Another thing which the
enemy seeks to do in relation to the cross is to keep
Christians in ignorance of its full meaning. It is a
great day for the Lord, and a terrible day for the enemy,
when a Christian breaks through into the revelation of
the full meaning of Calvary. That day marks a new bit of
history in the realm of conflict. You may meet a certain
kind of opposition on the ground of the substitutionary
work of the Lord Jesus, but, believe me, you will meet
ten times more when you come on to the ground of the
representative work of the Lord Jesus, and when you take
up your place in identification with Christ in death,
burial and resurrection in a spiritual way. Then begins a
new history of conflict, of battle, and of satanic
antagonism, but you have entered into a new realm and a
new place, and you have new powers at your command. The
enemy has lost his ground. Multitudes believe in the
substitutionary work and rejoice in it, but they are
still going on in the energy of the natural man, even as
Christians. They do not represent a menace to the enemy
in those higher ranges, but when the cross has been so
accepted and planted in our lives that the natural life
is set aside - "I have been crucified with Christ;
and it is no longer I that live, but Christ liveth in
me"- then there is a new realm of meaning to the
Lord and of meaning to the enemy, and therefore a new
realm of conflict.
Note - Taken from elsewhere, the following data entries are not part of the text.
lemma walk_of_interior:
  assumes "length w = t + 3" and "interior_defined t w"
  shows "w = walk_of (w ! 0) (map (\<lambda>i. the (w ! Suc i)) [0..<t+1]) (w ! (t + 2))"
proof (rule nth_equalityI)
  fix i assume "i < length w"
  then consider "i = 0" | j where "i = Suc j" "j < t + 1" | "i = t + 2"
    using assms(1) by (cases i) (auto, linarith)
  then show "w ! i = walk_of (w ! 0) (map (\<lambda>i. the (w ! Suc i)) [0..<t+1]) (w ! (t + 2)) ! i"
  proof cases
    case (2 j)
    then have "w ! Suc j \<noteq> None"
      using assms(2) by (auto simp: interior_defined_def)
    with 2 show ?thesis by (auto simp del: upt_Suc)
  qed simp_all
qed (use assms in simp)

lemma sum_walks_walk_of:
  fixes h :: "'a::finite option list \<Rightarrow> real"
  assumes "\<And>w. h w \<noteq> 0 \<Longrightarrow> interior_defined t w"
  shows "(\<Sum>w\<in>walks t. h w)
       = (\<Sum>b\<in>UNIV. \<Sum>ys | length ys = t + 1. \<Sum>c\<in>UNIV. h (walk_of b ys c))"
proof -
  let ?L = "{ys::'a list. length ys = t + 1}"
  let ?W = "(\<lambda>(b, ys, c). walk_of b ys c) ` (UNIV \<times> ?L \<times> UNIV)"
  have "finite (walks t :: 'a option list set)"
    unfolding walks_def using finite_lists_length_eq[of "UNIV::'a option set"] by simp
  moreover have "?W \<subseteq> walks t"
    by (auto simp: walks_def)
  moreover have "h w = 0" if "w \<in> walks t - ?W" for w
  proof (rule ccontr)
    assume "h w \<noteq> 0"
    then have "w = walk_of (w ! 0) (map (\<lambda>i. the (w ! Suc i)) [0..<t+1]) (w ! (t + 2))"
      using that assms by (intro walk_of_interior) (auto simp: walks_def)
    then have "w \<in> ?W" by force
    with that show False by blast
  qed
  ultimately have "(\<Sum>w\<in>walks t. h w) = (\<Sum>w\<in>?W. h w)"
    by (intro sum.mono_neutral_right) auto
  also have "\<dots> = (\<Sum>(b, ys, c)\<in>UNIV \<times> ?L \<times> UNIV. h (walk_of b ys c))"
    by (subst sum.reindex) (auto intro: inj_on_subset[OF inj_walk_of] simp: case_prod_beta)
  also have "\<dots> = (\<Sum>b\<in>UNIV. \<Sum>ys\<in>?L. \<Sum>c\<in>UNIV. h (walk_of b ys c))"
    by (simp add: sum.cartesian_product)
  finally show ?thesis .
qed

section \<open>Path weights and powers of \<open>S\<close>\<close>

definition path_weight :: "('a \<Rightarrow> 'a \<Rightarrow> real) \<Rightarrow> nat \<Rightarrow> 'a list \<Rightarrow> real" where
  "path_weight S n ys = (\<Prod>i<n. S (ys ! i) (ys ! Suc i))"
The enemy is out to keep that side of
the cross from Christians, and we have said before, and
it is true, that very often you meet your opposition on
that line more from Christians than from any others. It
is a strange thing. Immediately you go on with the Lord
into all the fullness of the meaning of Calvary you find
your chief difficulty is in the realm of Christians, and,
as a rule, 'official' Christians. Leaders will not have
it, and you find that your way is made infinitely more
difficult. It is true that the enemy does hate the
fullness of the cross, and he will seek by any means to
destroy its value for believers, to hide its meaning from
them, and if possible to get them to forsake the position
and come down from it, or to persuade them not to accept
it.
Well, surely that is
his testimony to its value! He is a witness to its
meaning. The cross, then, is the basis of victory, and
the enemy knows it very well.
I am not going further
than that now. We must take this, think about it and
apply it, but remember this grand, conclusive thing:
Satan is a defeated foe for all who are truly one with
the cross of the Lord Jesus, because Calvary does
represent his defeat, and, as we are planted into the
death of Christ, so we stand with Him in that defeat of
the enemy, in that victory of the Lord Jesus. So, however
he may rage, storm, fight, afflict, press, worry, and
harass, the fact remains that for those who are one with
Christ in His cross, Satan is a defeated foe.